Every line in the records below between the one holding "fixes w y x'" and the one holding "using closest_point_lipschitz[OF \<Omega>(2,1)", inclusive, is to be set down exactly; all other lines are to be left out.

» **Exercise data**:
****

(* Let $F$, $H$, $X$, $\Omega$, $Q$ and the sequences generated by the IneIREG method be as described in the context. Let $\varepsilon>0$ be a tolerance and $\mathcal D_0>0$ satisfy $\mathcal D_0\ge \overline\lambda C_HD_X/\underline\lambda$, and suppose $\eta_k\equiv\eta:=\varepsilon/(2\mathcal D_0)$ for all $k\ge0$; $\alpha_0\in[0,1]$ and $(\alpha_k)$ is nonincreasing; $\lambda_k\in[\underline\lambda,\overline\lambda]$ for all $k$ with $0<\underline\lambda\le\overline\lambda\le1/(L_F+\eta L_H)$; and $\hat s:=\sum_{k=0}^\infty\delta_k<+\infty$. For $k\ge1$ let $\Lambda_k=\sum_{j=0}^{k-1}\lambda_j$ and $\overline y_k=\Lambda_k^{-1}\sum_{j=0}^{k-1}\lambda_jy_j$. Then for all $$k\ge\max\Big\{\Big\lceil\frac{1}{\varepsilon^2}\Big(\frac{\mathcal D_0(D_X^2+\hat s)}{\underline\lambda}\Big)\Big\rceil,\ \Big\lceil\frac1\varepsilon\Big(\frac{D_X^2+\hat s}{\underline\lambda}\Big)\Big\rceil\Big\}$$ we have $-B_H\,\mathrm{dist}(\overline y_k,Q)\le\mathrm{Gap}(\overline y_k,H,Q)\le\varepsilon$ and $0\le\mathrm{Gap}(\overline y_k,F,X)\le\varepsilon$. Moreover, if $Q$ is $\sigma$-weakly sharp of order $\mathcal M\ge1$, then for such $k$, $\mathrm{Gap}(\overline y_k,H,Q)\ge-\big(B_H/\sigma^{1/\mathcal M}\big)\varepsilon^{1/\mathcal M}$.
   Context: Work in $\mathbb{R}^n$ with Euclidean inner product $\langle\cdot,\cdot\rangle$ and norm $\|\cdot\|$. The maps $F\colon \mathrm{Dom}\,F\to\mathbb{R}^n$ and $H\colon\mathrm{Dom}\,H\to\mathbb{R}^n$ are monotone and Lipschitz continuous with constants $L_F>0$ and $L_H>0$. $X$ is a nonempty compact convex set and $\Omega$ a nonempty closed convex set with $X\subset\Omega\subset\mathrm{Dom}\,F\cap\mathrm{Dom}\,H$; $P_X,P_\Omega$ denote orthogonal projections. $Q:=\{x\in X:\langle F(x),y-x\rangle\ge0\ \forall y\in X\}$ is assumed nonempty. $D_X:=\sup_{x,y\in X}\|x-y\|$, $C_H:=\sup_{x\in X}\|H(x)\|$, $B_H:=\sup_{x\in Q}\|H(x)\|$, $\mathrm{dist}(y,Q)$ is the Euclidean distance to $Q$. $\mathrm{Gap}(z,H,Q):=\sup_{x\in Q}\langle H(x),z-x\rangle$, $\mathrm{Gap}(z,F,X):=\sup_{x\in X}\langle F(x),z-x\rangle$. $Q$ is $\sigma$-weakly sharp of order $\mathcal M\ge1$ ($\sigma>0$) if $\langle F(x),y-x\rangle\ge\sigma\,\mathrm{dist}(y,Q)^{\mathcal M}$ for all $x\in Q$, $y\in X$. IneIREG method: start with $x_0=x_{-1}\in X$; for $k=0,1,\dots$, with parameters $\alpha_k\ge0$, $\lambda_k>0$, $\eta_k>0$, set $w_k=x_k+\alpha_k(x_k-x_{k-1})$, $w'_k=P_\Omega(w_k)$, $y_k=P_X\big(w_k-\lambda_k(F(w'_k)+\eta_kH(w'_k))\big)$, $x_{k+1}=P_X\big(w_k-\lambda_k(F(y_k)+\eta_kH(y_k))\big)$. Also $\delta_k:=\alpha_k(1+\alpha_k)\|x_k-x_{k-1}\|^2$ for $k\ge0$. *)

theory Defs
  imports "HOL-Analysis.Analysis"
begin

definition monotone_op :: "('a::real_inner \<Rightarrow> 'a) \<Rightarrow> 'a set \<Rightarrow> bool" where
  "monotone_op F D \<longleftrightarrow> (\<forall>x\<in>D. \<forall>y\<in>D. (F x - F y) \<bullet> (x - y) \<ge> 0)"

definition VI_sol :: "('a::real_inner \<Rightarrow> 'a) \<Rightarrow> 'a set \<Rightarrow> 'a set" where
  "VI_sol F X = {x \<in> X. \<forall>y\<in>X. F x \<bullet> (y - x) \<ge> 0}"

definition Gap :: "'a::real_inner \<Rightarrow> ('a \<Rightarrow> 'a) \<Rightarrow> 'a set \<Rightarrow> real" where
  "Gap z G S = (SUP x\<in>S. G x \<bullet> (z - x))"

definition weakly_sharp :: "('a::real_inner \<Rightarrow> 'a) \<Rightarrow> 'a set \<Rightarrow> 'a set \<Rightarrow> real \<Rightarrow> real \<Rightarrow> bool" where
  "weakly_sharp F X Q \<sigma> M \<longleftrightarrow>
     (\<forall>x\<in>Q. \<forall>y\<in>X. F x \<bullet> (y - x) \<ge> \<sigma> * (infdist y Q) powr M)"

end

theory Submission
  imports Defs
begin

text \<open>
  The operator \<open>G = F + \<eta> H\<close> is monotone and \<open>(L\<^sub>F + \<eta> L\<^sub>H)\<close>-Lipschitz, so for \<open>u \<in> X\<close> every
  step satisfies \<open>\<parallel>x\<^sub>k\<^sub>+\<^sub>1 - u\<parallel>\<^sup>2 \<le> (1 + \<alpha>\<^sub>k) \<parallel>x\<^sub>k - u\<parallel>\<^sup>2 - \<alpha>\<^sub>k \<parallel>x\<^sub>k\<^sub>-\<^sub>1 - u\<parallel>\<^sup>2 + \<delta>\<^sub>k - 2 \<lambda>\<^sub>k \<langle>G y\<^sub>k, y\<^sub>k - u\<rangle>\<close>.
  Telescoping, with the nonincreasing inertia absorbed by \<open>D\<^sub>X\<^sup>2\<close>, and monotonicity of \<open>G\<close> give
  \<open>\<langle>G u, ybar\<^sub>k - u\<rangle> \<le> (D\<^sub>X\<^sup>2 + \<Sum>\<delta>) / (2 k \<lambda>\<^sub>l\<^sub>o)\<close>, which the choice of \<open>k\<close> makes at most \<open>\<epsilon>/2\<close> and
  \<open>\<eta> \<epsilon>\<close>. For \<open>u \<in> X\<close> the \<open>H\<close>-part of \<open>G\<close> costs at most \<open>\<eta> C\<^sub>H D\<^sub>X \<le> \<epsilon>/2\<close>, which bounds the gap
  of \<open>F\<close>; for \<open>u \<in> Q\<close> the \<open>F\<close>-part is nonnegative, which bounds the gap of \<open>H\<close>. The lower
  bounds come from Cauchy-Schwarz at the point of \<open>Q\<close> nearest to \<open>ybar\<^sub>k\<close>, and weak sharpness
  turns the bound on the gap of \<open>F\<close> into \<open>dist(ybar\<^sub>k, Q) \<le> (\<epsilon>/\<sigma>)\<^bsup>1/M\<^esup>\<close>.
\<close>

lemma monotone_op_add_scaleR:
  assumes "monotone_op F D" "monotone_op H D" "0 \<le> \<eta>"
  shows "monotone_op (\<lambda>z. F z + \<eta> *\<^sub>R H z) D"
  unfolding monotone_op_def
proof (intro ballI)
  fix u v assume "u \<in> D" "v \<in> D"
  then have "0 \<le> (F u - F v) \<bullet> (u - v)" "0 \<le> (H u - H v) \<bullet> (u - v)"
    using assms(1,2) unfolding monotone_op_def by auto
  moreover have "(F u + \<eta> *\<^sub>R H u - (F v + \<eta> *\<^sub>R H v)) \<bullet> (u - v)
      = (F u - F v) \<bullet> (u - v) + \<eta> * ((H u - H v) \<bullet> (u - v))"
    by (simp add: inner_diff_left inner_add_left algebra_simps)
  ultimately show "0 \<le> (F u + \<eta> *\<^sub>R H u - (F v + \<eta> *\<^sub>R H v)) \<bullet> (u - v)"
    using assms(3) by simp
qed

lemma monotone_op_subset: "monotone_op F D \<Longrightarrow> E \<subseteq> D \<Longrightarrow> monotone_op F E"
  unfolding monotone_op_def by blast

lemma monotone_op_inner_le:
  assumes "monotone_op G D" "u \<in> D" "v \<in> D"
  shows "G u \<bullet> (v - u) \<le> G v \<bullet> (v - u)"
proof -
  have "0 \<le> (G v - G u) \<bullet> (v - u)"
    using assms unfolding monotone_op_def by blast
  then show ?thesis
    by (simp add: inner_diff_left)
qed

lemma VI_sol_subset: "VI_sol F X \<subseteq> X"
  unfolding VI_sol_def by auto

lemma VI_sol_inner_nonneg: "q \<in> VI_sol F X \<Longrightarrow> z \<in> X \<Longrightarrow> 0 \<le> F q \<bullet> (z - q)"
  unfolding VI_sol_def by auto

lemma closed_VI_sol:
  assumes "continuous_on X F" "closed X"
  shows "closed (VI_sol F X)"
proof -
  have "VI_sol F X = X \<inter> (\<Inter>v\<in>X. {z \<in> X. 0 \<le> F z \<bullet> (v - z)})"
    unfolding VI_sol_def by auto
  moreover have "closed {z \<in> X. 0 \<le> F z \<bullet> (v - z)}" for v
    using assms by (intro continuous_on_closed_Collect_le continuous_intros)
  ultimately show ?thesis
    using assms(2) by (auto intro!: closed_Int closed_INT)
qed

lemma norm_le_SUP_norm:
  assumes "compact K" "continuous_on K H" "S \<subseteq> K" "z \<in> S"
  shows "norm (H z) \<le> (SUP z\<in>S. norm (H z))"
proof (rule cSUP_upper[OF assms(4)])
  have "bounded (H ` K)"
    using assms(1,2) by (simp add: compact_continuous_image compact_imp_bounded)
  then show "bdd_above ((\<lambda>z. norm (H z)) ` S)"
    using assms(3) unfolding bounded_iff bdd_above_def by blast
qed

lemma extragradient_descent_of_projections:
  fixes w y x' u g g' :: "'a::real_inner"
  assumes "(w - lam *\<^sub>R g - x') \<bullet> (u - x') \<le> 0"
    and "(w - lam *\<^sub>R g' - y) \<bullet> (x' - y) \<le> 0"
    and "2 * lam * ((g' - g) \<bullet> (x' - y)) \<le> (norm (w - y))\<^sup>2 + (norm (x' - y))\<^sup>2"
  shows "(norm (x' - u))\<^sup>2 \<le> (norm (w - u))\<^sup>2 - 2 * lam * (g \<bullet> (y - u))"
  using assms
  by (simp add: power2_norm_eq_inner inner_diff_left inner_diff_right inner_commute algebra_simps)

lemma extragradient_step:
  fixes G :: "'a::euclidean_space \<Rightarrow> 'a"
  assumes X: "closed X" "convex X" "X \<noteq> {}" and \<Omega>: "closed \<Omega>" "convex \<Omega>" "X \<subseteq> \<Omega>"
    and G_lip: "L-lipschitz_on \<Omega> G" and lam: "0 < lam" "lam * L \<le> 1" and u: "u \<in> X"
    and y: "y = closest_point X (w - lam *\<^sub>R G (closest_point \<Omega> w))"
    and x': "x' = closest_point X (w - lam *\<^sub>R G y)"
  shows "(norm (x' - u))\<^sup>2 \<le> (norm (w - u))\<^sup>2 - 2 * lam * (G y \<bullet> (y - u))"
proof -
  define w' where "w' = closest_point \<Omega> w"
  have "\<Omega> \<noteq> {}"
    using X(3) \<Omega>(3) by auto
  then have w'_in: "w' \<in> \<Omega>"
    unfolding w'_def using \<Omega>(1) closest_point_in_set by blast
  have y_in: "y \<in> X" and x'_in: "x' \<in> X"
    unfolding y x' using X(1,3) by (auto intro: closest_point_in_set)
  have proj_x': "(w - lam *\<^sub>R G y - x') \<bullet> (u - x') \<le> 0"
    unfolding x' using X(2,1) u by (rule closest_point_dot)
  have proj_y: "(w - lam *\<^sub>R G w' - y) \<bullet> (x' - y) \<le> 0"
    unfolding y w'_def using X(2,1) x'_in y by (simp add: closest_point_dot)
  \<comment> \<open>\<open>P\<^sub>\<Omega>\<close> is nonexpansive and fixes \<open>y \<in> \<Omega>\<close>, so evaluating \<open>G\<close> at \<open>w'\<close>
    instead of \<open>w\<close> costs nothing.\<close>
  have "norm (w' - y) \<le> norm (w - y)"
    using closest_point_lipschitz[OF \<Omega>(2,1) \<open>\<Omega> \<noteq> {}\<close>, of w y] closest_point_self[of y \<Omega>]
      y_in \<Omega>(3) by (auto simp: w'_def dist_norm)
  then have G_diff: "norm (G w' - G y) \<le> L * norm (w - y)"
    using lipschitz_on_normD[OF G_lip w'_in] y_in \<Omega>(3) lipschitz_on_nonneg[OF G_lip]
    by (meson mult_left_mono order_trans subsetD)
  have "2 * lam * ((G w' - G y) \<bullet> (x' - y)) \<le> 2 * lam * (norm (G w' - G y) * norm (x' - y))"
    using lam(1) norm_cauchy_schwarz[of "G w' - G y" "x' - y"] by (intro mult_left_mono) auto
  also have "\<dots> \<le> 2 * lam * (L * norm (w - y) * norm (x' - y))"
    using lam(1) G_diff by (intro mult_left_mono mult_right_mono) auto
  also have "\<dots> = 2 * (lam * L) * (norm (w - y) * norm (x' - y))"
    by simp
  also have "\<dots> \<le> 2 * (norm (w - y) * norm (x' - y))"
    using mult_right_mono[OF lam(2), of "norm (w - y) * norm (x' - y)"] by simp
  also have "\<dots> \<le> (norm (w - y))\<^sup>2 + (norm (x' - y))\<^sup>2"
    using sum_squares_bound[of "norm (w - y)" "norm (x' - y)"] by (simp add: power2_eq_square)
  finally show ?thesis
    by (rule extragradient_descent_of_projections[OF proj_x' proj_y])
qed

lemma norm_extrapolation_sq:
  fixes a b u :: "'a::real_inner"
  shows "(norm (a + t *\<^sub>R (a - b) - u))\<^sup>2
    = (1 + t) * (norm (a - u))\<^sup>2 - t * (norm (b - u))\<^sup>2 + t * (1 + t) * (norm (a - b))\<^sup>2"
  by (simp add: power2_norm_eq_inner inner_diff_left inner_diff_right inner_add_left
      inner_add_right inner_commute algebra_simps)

****

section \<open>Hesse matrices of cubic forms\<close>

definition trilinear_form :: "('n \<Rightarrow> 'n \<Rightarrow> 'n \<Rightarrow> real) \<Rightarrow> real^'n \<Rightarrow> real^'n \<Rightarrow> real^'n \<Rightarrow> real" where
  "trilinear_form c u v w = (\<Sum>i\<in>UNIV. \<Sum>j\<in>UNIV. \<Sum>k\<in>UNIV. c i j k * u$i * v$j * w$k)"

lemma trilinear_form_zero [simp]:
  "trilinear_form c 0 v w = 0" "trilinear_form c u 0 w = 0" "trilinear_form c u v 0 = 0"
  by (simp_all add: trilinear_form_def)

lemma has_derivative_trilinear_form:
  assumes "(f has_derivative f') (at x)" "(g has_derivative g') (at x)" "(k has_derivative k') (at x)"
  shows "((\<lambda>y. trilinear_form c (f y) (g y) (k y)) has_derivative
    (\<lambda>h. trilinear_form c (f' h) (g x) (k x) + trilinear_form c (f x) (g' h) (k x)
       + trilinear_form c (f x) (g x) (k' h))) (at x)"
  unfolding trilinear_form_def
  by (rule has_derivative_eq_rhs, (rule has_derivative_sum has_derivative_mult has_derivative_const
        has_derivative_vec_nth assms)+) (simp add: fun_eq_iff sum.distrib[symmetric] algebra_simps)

****

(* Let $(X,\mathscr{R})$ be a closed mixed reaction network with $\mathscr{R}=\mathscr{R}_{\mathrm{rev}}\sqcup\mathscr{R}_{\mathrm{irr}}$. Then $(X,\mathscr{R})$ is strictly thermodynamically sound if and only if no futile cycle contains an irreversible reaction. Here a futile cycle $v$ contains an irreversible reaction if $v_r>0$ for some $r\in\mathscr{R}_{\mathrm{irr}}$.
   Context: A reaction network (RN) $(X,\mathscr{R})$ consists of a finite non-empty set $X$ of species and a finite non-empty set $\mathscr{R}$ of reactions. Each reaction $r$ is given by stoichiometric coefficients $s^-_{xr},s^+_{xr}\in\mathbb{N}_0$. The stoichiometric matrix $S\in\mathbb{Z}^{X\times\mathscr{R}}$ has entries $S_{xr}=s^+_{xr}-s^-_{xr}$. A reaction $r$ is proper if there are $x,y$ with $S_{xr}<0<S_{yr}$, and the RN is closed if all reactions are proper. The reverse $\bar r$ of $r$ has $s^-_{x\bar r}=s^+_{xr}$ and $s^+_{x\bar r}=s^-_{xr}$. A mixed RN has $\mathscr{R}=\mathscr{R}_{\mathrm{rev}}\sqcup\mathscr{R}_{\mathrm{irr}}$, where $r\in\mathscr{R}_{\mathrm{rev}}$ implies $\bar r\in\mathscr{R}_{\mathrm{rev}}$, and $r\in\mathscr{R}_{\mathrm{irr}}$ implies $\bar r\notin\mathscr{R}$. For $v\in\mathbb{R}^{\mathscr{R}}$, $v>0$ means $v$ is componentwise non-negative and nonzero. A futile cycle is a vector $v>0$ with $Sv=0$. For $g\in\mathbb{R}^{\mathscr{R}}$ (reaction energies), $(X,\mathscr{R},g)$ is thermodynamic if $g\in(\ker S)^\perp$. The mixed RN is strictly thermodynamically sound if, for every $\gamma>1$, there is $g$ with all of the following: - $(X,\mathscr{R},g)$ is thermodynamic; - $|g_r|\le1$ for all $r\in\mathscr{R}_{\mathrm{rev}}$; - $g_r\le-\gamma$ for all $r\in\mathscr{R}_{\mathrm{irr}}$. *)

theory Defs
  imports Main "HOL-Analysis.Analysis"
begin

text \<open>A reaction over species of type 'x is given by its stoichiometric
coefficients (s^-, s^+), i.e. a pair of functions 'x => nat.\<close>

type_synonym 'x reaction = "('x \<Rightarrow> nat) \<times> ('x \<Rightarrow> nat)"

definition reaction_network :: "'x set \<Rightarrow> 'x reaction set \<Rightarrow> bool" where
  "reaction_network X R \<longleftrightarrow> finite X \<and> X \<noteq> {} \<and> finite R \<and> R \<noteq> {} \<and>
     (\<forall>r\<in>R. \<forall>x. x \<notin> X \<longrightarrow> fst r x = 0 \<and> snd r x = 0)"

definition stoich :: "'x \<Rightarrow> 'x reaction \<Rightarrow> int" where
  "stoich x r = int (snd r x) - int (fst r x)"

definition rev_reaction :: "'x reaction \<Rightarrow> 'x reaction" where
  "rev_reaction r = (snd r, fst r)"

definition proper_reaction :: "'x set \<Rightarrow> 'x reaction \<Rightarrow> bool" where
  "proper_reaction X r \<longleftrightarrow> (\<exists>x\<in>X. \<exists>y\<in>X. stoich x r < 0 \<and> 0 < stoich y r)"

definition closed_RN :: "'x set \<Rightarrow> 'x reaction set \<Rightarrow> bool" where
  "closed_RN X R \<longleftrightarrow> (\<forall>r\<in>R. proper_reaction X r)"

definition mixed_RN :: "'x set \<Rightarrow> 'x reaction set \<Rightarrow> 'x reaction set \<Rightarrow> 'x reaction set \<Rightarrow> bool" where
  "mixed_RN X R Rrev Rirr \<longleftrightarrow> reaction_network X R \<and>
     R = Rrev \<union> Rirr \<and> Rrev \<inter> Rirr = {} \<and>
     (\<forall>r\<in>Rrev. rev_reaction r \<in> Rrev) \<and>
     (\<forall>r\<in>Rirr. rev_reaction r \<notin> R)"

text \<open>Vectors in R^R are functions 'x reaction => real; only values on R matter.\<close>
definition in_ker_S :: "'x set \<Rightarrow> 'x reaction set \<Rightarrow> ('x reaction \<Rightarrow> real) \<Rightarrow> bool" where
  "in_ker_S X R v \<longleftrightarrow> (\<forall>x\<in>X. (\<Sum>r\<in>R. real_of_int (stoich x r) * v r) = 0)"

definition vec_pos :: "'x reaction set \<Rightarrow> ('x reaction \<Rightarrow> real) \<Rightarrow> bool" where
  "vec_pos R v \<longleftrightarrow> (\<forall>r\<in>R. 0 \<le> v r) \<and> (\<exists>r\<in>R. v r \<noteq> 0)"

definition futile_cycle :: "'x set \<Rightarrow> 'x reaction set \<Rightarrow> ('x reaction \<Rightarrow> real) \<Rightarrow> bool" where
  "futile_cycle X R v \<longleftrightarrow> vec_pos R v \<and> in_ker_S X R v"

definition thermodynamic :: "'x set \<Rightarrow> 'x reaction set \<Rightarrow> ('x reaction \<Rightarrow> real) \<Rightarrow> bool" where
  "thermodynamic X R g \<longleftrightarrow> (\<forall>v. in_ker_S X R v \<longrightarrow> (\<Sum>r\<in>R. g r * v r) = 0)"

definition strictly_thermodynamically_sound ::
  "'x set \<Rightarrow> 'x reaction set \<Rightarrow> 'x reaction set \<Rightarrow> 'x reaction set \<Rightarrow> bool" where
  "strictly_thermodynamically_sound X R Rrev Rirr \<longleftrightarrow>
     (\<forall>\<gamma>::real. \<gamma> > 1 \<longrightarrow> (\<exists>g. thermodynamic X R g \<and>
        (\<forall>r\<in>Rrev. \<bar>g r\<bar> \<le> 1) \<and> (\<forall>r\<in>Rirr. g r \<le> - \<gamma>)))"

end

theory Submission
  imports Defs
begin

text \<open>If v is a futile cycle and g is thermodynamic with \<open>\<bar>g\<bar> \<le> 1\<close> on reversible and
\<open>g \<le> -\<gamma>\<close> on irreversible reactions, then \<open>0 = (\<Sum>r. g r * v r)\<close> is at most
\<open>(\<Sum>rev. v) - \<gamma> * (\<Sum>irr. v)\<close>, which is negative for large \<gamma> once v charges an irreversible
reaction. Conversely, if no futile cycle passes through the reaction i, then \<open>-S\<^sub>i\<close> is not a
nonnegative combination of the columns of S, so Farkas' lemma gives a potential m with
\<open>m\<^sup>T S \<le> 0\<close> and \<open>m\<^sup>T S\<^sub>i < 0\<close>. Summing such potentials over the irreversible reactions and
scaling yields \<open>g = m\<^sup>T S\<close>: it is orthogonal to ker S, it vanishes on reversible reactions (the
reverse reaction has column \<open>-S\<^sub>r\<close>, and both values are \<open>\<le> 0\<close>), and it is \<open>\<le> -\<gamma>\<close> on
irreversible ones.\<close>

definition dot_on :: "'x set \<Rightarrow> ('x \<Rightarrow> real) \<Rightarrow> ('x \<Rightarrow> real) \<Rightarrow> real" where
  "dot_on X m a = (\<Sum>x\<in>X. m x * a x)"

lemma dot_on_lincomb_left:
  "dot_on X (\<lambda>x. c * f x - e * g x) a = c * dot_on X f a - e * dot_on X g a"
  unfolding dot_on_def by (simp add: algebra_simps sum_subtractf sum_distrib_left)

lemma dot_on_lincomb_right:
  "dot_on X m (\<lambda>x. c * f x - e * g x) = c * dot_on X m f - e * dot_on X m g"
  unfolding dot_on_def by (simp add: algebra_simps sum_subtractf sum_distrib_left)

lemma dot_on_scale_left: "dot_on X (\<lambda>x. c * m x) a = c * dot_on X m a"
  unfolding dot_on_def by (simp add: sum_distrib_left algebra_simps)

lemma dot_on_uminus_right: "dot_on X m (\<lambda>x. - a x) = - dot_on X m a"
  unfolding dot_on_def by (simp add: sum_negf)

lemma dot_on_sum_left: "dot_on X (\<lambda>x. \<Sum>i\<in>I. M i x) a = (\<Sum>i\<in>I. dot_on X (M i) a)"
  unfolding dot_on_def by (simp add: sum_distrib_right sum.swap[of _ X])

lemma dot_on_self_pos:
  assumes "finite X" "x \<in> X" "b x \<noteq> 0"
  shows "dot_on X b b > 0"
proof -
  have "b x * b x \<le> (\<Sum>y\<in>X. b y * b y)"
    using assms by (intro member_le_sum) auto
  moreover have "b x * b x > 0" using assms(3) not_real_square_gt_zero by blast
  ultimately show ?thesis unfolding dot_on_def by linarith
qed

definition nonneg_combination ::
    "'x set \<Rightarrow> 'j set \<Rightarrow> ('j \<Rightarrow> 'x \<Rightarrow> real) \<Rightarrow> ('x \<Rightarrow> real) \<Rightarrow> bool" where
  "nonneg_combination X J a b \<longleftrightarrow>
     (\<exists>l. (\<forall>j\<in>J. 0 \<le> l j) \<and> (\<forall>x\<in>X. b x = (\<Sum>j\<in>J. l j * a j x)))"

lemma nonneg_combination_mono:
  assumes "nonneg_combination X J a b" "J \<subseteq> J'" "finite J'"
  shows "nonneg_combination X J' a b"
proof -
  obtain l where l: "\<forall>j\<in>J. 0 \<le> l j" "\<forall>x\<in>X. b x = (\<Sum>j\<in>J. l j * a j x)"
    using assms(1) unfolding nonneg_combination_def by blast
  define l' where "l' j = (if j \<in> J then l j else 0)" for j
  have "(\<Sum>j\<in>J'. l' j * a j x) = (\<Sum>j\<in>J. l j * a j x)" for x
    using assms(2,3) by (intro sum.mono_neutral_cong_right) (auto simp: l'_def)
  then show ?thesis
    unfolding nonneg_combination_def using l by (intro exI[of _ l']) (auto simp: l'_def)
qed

****

» **Written solution**:
  fixes w y x' u g g' :: "'a::real_inner"
  assumes "(w - lam *\<^sub>R g - x') \<bullet> (u - x') \<le> 0"
    and "(w - lam *\<^sub>R g' - y) \<bullet> (x' - y) \<le> 0"
    and "2 * lam * ((g' - g) \<bullet> (x' - y)) \<le> (norm (w - y))\<^sup>2 + (norm (x' - y))\<^sup>2"
  shows "(norm (x' - u))\<^sup>2 \<le> (norm (w - u))\<^sup>2 - 2 * lam * (g \<bullet> (y - u))"
  using assms
  by (simp add: power2_norm_eq_inner inner_diff_left inner_diff_right inner_commute algebra_simps)

lemma extragradient_step:
  fixes G :: "'a::euclidean_space \<Rightarrow> 'a"
  assumes X: "closed X" "convex X" "X \<noteq> {}" and \<Omega>: "closed \<Omega>" "convex \<Omega>" "X \<subseteq> \<Omega>"
    and G_lip: "L-lipschitz_on \<Omega> G" and lam: "0 < lam" "lam * L \<le> 1" and u: "u \<in> X"
    and y: "y = closest_point X (w - lam *\<^sub>R G (closest_point \<Omega> w))"
    and x': "x' = closest_point X (w - lam *\<^sub>R G y)"
  shows "(norm (x' - u))\<^sup>2 \<le> (norm (w - u))\<^sup>2 - 2 * lam * (G y \<bullet> (y - u))"
proof -
  define w' where "w' = closest_point \<Omega> w"
  have "\<Omega> \<noteq> {}"
    using X(3) \<Omega>(3) by auto
  then have w'_in: "w' \<in> \<Omega>"
    unfolding w'_def using \<Omega>(1) closest_point_in_set by blast
  have y_in: "y \<in> X" and x'_in: "x' \<in> X"
    unfolding y x' using X(1,3) by (auto intro: closest_point_in_set)
  have proj_x': "(w - lam *\<^sub>R G y - x') \<bullet> (u - x') \<le> 0"
    unfolding x' using X(2,1) u by (rule closest_point_dot)
  have proj_y: "(w - lam *\<^sub>R G w' - y) \<bullet> (x' - y) \<le> 0"
    unfolding y w'_def using X(2,1) x'_in y by (simp add: closest_point_dot)
  \<comment> \<open>\<open>P\<^sub>\<Omega>\<close> is nonexpansive and fixes \<open>y \<in> \<Omega>\<close>, so evaluating \<open>G\<close> at \<open>w'\<close>
    instead of \<open>w\<close> costs nothing.\<close>
  have "norm (w' - y) \<le> norm (w - y)"
    using closest_point_lipschitz[OF \<Omega>(2,1) \<open>\<Omega> \<noteq> {}\<close>, of w y] closest_point_self[of y \<Omega>]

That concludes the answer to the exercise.